Questioning universal vaccination

Given what we know so far (year end 2021), the Covid vaccine appears to makes sense for anyone at significant risk from Covid.  If you’re over 50, or diabetic, or obese, it’s a no-brainer.

However, the current public health policy for Covid — essentially “vaccinate everyone,” including those at no direct risk of harm from Covid — appears unfounded and even irrational, given what we now know about Covid and the mRNA vaccines.

Rational policy must consider both benefit and cost.  Let’s consider the benefit side first, and then the cost.

Benefits of universal vaccination

Public explanations for the benefit of universal vaccination have drifted over time, but appear to be some combination of:

  1. Permanently stamp out the virus by rendering everyone immune to it.
  2. Prevent transmission from the healthy to the vulnerable (old and immuno-compromised).
  3. Prevent a Covid surge from overwhelming hospitals, which would crowd out treatment for other ailments.

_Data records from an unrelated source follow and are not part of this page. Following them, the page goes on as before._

lemma inverse_sandwich_cancel:
  fixes B B' C C' X :: "'a :: comm_ring_1 mat"
  assumes B: "B \<in> carrier_mat m m" and B': "B' \<in> carrier_mat m m" and "B' * B = 1\<^sub>m m"
    and C: "C \<in> carrier_mat n n" and C': "C' \<in> carrier_mat n n" and "C' * C = 1\<^sub>m n"
    and X: "X \<in> carrier_mat m n"
  shows "B' * (B * X * transpose_mat C) * transpose_mat C' = X"
proof -
  have CC': "transpose_mat C * transpose_mat C' = 1\<^sub>m n"
    using transpose_mult[OF C' C] assms(6) by simp
  have "B' * (B * X * transpose_mat C) * transpose_mat C'
      = (B' * B) * X * (transpose_mat C * transpose_mat C')"
    using B B' C C' X by (simp add: assoc_mult_mat[of _ m m _ n _ n])
  then show ?thesis using assms(3) CC' X by simp
qed

lemma mat_inv_conjugate_cancel:
  fixes U V K :: "'a :: semiring_1 mat"
  assumes U: "U \<in> carrier_mat n n" "invertible_mat U" and V: "V \<in> carrier_mat n n" "invertible_mat V"
    and K: "K \<in> carrier_mat n n"
  shows "U * (mat_inv U * (K * V)) * mat_inv V = K"
proof -
  have KV: "K * V \<in> carrier_mat n n" using K V by auto
  have "U * (mat_inv U * (K * V)) = (U * mat_inv U) * (K * V)"
    using assoc_mult_mat[OF U(1) mat_inv_carrier[OF U] KV] by simp
  also have "\<dots> = K * V" using mat_inv_right[OF U] left_mult_one_mat[OF KV] by simp
  finally have "U * (mat_inv U * (K * V)) = K * V" .
  then show ?thesis using assoc_mult_mat[OF K V(1) mat_inv_carrier[OF V]] mat_inv_right[OF V] K by simp
qed

subsection \<open>Vectorization\<close>

lemma vecz_carrier: "A \<in> carrier_mat m n \<Longrightarrow> vecz A \<in> carrier_vec (m * n)"
  unfolding vecz_def carrier_vec_def by auto

lemma dim_vecz: "A \<in> carrier_mat m n \<Longrightarrow> dim_vec (vecz A) = m * n"
  unfolding vecz_def by auto

lemma vecz_index: "A \<in> carrier_mat m n \<Longrightarrow> i < m * n \<Longrightarrow> vecz A $ i = A $$ (i mod m, i div m)"
  unfolding vecz_def by auto

lemma vecz_inject:
  assumes A: "A \<in> carrier_mat m n" and B: "B \<in> carrier_mat m n"
  shows "vecz A = vecz B \<longleftrightarrow> A = B"
proof
  assume eq: "vecz A = vecz B"
  show "A = B"
  proof (rule eq_matI)
    fix a b assume "a < dim_row B" "b < dim_col B"
    then have a: "a < m" and ab: "a + m * b < m * n" using B mixed_radix_less by auto
    have "vecz A $ (a + m * b) = vecz B $ (a + m * b)" using eq by simp
    then show "A $$ (a, b) = B $$ (a, b)" using vecz_index[OF A ab] vecz_index[OF B ab] a by simp
  qed (use A B in auto)
qed simp

lemma vecz_zero: "vecz (0\<^sub>m m n) = 0\<^sub>v (m * n)"
  by (intro eq_vecI) (auto simp: vecz_def mod_div_less_of_less_mult)

lemma vecz_eq_zero_iff: "A \<in> carrier_mat m n \<Longrightarrow> vecz A = 0\<^sub>v (m * n) \<longleftrightarrow> A = 0\<^sub>m m n"
  using vecz_inject[of A m n "0\<^sub>m m n"] by (simp add: vecz_zero)

lemma vecz_unvec:
  assumes v: "v \<in> carrier_vec (m * n)"
  shows "vecz (mat m n (\<lambda>(a, b). v $ (a + m * b))) = v"
proof (rule eq_vecI)
  fix i assume "i < dim_vec v"
  then have i: "i < m * n" using v by simp
  then show "vecz (mat m n (\<lambda>(a, b). v $ (a + m * b))) $ i = v $ i"
    using vecz_index[of "mat m n (\<lambda>(a, b). v $ (a + m * b))" m n i] mod_div_less_of_less_mult[OF i]
    by (simp add: mult.commute)
qed (use v in \<open>simp add: vecz_def\<close>)

definition mat_lincomb :: "nat \<Rightarrow> nat \<Rightarrow> (nat \<Rightarrow> 'a :: comm_semiring_1) \<Rightarrow> (nat \<Rightarrow> 'a mat) \<Rightarrow> nat \<Rightarrow> 'a mat"
  where "mat_lincomb nr nc c X m = mat nr nc (\<lambda>(i, j). \<Sum>l<m. c l * X l $$ (i, j))"

lemma mat_lincomb_carrier: "mat_lincomb nr nc c X m \<in> carrier_mat nr nc"
  unfolding mat_lincomb_def by auto

lemma mat_lincomb_cong:
  "(\<And>l. l < m \<Longrightarrow> c l = c' l) \<Longrightarrow> (\<And>l. l < m \<Longrightarrow> X l = X' l) \<Longrightarrow>
   mat_lincomb nr nc c X m = mat_lincomb nr nc c' X' m"
  unfolding mat_lincomb_def by (intro eq_matI) auto

lemma mult_mat_lincomb:
  assumes M: "M \<in> carrier_mat nr nr" and X: "\<And>l. l < m \<Longrightarrow> X l \<in> carrier_mat nr nc"
  shows "M * mat_lincomb nr nc c X m = mat_lincomb nr nc c (\<lambda>l. M * X l) m"
proof (rule eq_matI)
  fix a b assume "a < dim_row (mat_lincomb nr nc c (\<lambda>l. M * X l) m)"
    "b < dim_col (mat_lincomb nr nc c (\<lambda>l. M * X l) m)"
  then have a: "a < nr" and b: "b < nc" by (auto simp: mat_lincomb_def)
  have "(M * mat_lincomb nr nc c X m) $$ (a, b) = (\<Sum>d<nr. M $$ (a, d) * (\<Sum>l<m. c l * X l $$ (d, b)))"
    using M a b by (simp add: mat_lincomb_def scalar_prod_def atLeast0LessThan)
  also have "\<dots> = (\<Sum>l<m. c l * (\<Sum>d<nr. M $$ (a, d) * X l $$ (d, b)))"
    by (simp add: sum_distrib_left mult.left_commute, subst sum.swap, simp)
  also have "\<dots> = mat_lincomb nr nc c (\<lambda>l. M * X l) m $$ (a, b)"
  proof -
    have "(M * X l) $$ (a, b) = (\<Sum>d<nr. M $$ (a, d) * X l $$ (d, b))" if "l < m" for l
      using M a b X[OF that] by (simp add: scalar_prod_def atLeast0LessThan)
    then show ?thesis using a b by (simp add: mat_lincomb_def)
  qed
  finally show "(M * mat_lincomb nr nc c X m) $$ (a, b) = mat_lincomb nr nc c (\<lambda>l. M * X l) m $$ (a, b)" .
qed (use M in \<open>auto simp: mat_lincomb_def\<close>)

lemma mat_lincomb_mult:
  assumes N: "N \<in> carrier_mat nc nc" and X: "\<And>l. l < m \<Longrightarrow> X l \<in> carrier_mat nr nc"
  shows "mat_lincomb nr nc c X m * N = mat_lincomb nr nc c (\<lambda>l. X l * N) m"
proof (rule eq_matI)
  fix a b assume "a < dim_row (mat_lincomb nr nc c (\<lambda>l. X l * N) m)"
    "b < dim_col (mat_lincomb nr nc c (\<lambda>l. X l * N) m)"
  then have a: "a < nr" and b: "b < nc" by (auto simp: mat_lincomb_def)
  have "(mat_lincomb nr nc c X m * N) $$ (a, b) = (\<Sum>d<nc. (\<Sum>l<m. c l * X l $$ (a, d)) * N $$ (d, b))"
    using N a b by (simp add: mat_lincomb_def scalar_prod_def atLeast0LessThan)
  also have "\<dots> = (\<Sum>l<m. c l * (\<Sum>d<nc. X l $$ (a, d) * N $$ (d, b)))"
    by (simp add: sum_distrib_left sum_distrib_right mult.assoc, subst sum.swap, simp)
  also have "\<dots> = mat_lincomb nr nc c (\<lambda>l. X l * N) m $$ (a, b)"
  proof -
    have "(X l * N) $$ (a, b) = (\<Sum>d<nc. X l $$ (a, d) * N $$ (d, b))" if "l < m" for l
      using N a b X[OF that] by (simp add: scalar_prod_def atLeast0LessThan)
    then show ?thesis using a b by (simp add: mat_lincomb_def)
  qed
  finally show "(mat_lincomb nr nc c X m * N) $$ (a, b) = mat_lincomb nr nc c (\<lambda>l. X l * N) m $$ (a, b)" .
qed (use N in \<open>auto simp: mat_lincomb_def\<close>)

lemma mat_lincomb_sandwich:
  assumes A1: "A1 \<in> carrier_mat nr nr" and A2: "A2 \<in> carrier_mat nc nc"
    and X: "\<And>l. l < m \<Longrightarrow> X l \<in> carrier_mat nr nc"
  shows "A1 * mat_lincomb nr nc c X m * transpose_mat A2
       = mat_lincomb nr nc c (\<lambda>l. A1 * X l * transpose_mat A2) m"
proof -
  have "A1 * mat_lincomb nr nc c X m = mat_lincomb nr nc c (\<lambda>l. A1 * X l) m"
    by (rule mult_mat_lincomb[OF A1 X])
  moreover have "\<dots> * transpose_mat A2 = mat_lincomb nr nc c (\<lambda>l. A1 * X l * transpose_mat A2) m"
    by (rule mat_lincomb_mult) (use A1 A2 X in auto)
  ultimately show ?thesis by simp
qed

subsection \<open>Kronecker products\<close>

lemma kron_carrier:
  "C \<in> carrier_mat n n \<Longrightarrow> B \<in> carrier_mat m m \<Longrightarrow> kron C B \<in> carrier_mat (m * n) (m * n)"
  unfolding kron_def carrier_mat_def by (auto simp: mult.commute)

lemma kron_index:
  "C \<in> carrier_mat n n \<Longrightarrow> B \<in> carrier_mat m m \<Longrightarrow> i < m * n \<Longrightarrow> j < m * n \<Longrightarrow>
   kron C B $$ (i, j) = C $$ (i div m, j div m) * B $$ (i mod m, j mod m)"
  unfolding kron_def by (auto simp: mult.commute)

lemma kron_mult_vecz:
  fixes C B X :: "'a :: comm_semiring_1 mat"
  assumes C: "C \<in> carrier_mat n n" and B: "B \<in> carrier_mat m m" and X: "X \<in> carrier_mat m n"
  shows "kron C B *\<^sub>v vecz X = vecz (B * X * transpose_mat C)"
proof (rule eq_vecI)
  have BXC: "B * X * transpose_mat C \<in> carrier_mat m n" using B X C by auto
  show "dim_vec (kron C B *\<^sub>v vecz X) = dim_vec (vecz (B * X * transpose_mat C))"
    using kron_carrier[OF C B] vecz_carrier[OF BXC] by simp
  fix i assume "i < dim_vec (vecz (B * X * transpose_mat C))"
  then have i: "i < m * n" using vecz_carrier[OF BXC] by simp
  note i' = mod_div_less_of_less_mult[OF i]
  have "(kron C B *\<^sub>v vecz X) $ i = (\<Sum>k<n * m. kron C B $$ (i, k) * vecz X $ k)"
    using kron_carrier[OF C B] vecz_carrier[OF X] i
    by (simp add: scalar_prod_def atLeast0LessThan mult.commute)
  also have "\<dots> = (\<Sum>c<n. \<Sum>d<m. kron C B $$ (i, d + m * c) * vecz X $ (d + m * c))"
    by (rule sum_lessThan_mult_nat)
  also have "\<dots> = (\<Sum>c<n. \<Sum>d<m. C $$ (i div m, c) * B $$ (i mod m, d) * X $$ (d, c))"
    using i mixed_radix_less kron_index[OF C B] vecz_index[OF X] by (intro sum.cong refl) simp
  also have "\<dots> = (\<Sum>c<n. (\<Sum>d<m. B $$ (i mod m, d) * X $$ (d, c)) * C $$ (i div m, c))"
    by (simp add: sum_distrib_right, intro sum.cong refl, simp add: algebra_simps)
  also have "\<dots> = (B * X * transpose_mat C) $$ (i mod m, i div m)"
    using B X C i'
    by (simp add: scalar_prod_def atLeast0LessThan sum_distrib_left sum_distrib_right mult.assoc,
        subst sum.swap, simp)
  also have "\<dots> = vecz (B * X * transpose_mat C) $ i" using vecz_index[OF BXC i] by simp
  finally show "(kron C B *\<^sub>v vecz X) $ i = vecz (B * X * transpose_mat C) $ i" .
qed

lemma det_kron_eq_0_iff:
  fixes C B :: "'a :: field mat"
  assumes C: "C \<in> carrier_mat n n" and B: "B \<in> carrier_mat m m"
  shows "det (kron C B) = 0 \<longleftrightarrow>
    (\<exists>X \<in> carrier_mat m n. X \<noteq> 0\<^sub>m m n \<and> B * X * transpose_mat C = 0\<^sub>m m n)"
proof
  assume "det (kron C B) = 0"
  then obtain v where v: "v \<in> carrier_vec (m * n)" "v \<noteq> 0\<^sub>v (m * n)" "kron C B *\<^sub>v v = 0\<^sub>v (m * n)"
    using det_0_iff_vec_prod_zero_field[OF kron_carrier[OF C B]] by blast
  define X where "X = mat m n (\<lambda>(a, b). v $ (a + m * b))"
  have X: "X \<in> carrier_mat m n" and vX: "vecz X = v"
    unfolding X_def using vecz_unvec[OF v(1)] by auto
  have BXC: "B * X * transpose_mat C \<in> carrier_mat m n" using B X C by auto
  have "vecz (B * X * transpose_mat C) = 0\<^sub>v (m * n)"
    using kron_mult_vecz[OF C B X] v(3) vX by simp
  then have "B * X * transpose_mat C = 0\<^sub>m m n" using vecz_eq_zero_iff[OF BXC] by blast
  moreover have "X \<noteq> 0\<^sub>m m n" using v(2) vX vecz_zero by auto
  ultimately show "\<exists>X \<in> carrier_mat m n. X \<noteq> 0\<^sub>m m n \<and> B * X * transpose_mat C = 0\<^sub>m m n"
    using X by blast
next
  assume "\<exists>X \<in> carrier_mat m n. X \<noteq> 0\<^sub>m m n \<and> B * X * transpose_mat C = 0\<^sub>m m n"
  then obtain X where X: "X \<in> carrier_mat m n" "X \<noteq> 0\<^sub>m m n" "B * X * transpose_mat C = 0\<^sub>m m n"
    by blast
  have "kron C B *\<^sub>v vecz X = 0\<^sub>v (m * n)" using kron_mult_vecz[OF C B X(1)] X(3) vecz_zero by simp
  moreover have "vecz X \<noteq> 0\<^sub>v (m * n)" using vecz_eq_zero_iff[OF X(1)] X(2) by simp
  ultimately show "det (kron C B) = 0"
    using det_0_iff_vec_prod_zero_field[OF kron_carrier[OF C B]] vecz_carrier[OF X(1)] by blast
qed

For universal vaccination to achieve the policy benefits above, what assumptions must be true?  Let’s examine each in turn.

What must be true for universal vaccination to successfully stamp out the virus?

  • Covid must not mutate faster than vaccines can be updated and distributed.
  • Vaccine must stay effective long enough to vaccinate the entire world at once.
  • Vaccine must prevent transmission of Covid.

None of the above are true;  therefore, policy benefit #1, stamping out the virus, is indefensible.

What must be true for universal vaccination to prevent transmission from healthy people to vulnerable ones?

  • Vaccine must reliably prevent transmission of Covid from healthy people to vulnerable ones.
  • “Breakthrough” infections must be extremely rare.
  • Covid must not mutate faster than vaccines can be updated and distributed.
  • Vaccine must remain effective for a predictable amount of time.

None of the above are true.  Therefore, policy benefit #2 is also indefensible.

What must be true for universal vaccination to prevent hospital surges?

  • Hospitals must be observed to have been widely overwhelmed by recent Covid variants.
  • New variants of Covid (omicron) must be severe enough to overwhelm hospitals.
  • There must still be many people who have had neither Covid nor the vaccine.
  • “Breakthrough” infections must be extremely rare.

Again, none of the above are true.  A few hospitals were overwhelmed by the delta variant, but they were too few to justify influencing national policy.  Therefore, this benefit, too, is unfounded.

Much more than half the US population has already had either Covid or the vaccine.  Based on seroprevalence, it’s estimated that over half the US population has already had Covid, and obviously the unvaccinated fell mainly into that category.  Of the remainder who have not had Covid, nearly all are vaccinated.

This would argue that the risk of serious complications is already vastly lower than a year ago.  In addition, the current “omicron” panic in particular appears unfounded, as the first known mass infection, in South Africa, resulted in few hospitalizations, and ended in a few weeks.

Taken together, the above suggests that the asserted benefits of universal vaccination are largely unfounded.

Let’s now examine the costs.

Costs of universal vaccination

There is no official recognition that universal Covid vaccination carries any cost or risk.  That by itself should raise a red flag in your mind with regard to rationality, because obviously, every policy decision carries both benefits and costs.

Here are some costs and risks of universal vaccination.

  1. For healthy individuals under age 18, the known (so far) risk of complications from the vaccine (primarily heart issues in lean males) is higher than the known risk of complications from Covid.
  2. The long-term risks of this particular vaccine are unknown and unknowable, because two of its functional components had never been tested at scale prior to spring of 2020:  mRNA delivery in general, and spike protein production specifically.

22% of the US population, about 73 million people, are under 18.  Only about 600 of them have been hospitalized for Covid, nearly all of whom had prior health issues.  The remainder —  99.999% of those under 18 — are at no known risk from Covid, and actually face increased risk, both known and unknowable, from the vaccine.


Official vaccination policy fails to acknowledge the following:

  • For the reasons itemized above, universal vaccination offers little marginal benefit beyond just vaccinating those at immediate risk from Covid:  the old, diabetic, obese and immuno-compromised.
  • Vaccinating people who are not at risk from Covid exposes them to both known and unknown risks, with little or no benefit to those most at risk from Covid infection.

It’s hard to escape the conclusion that current policy is rolling the dice with America’s healthiest and youngest people — in other words, its future — in return for little obvious benefit.

So obviously we should not be mass-vaccinating anyone under 18.  What should be the age cutoff for mass vaccination?  Probably higher than that.  Possibly as high as 35.  At that level, I predict you will see no loss of benefit, and certainly lower risk.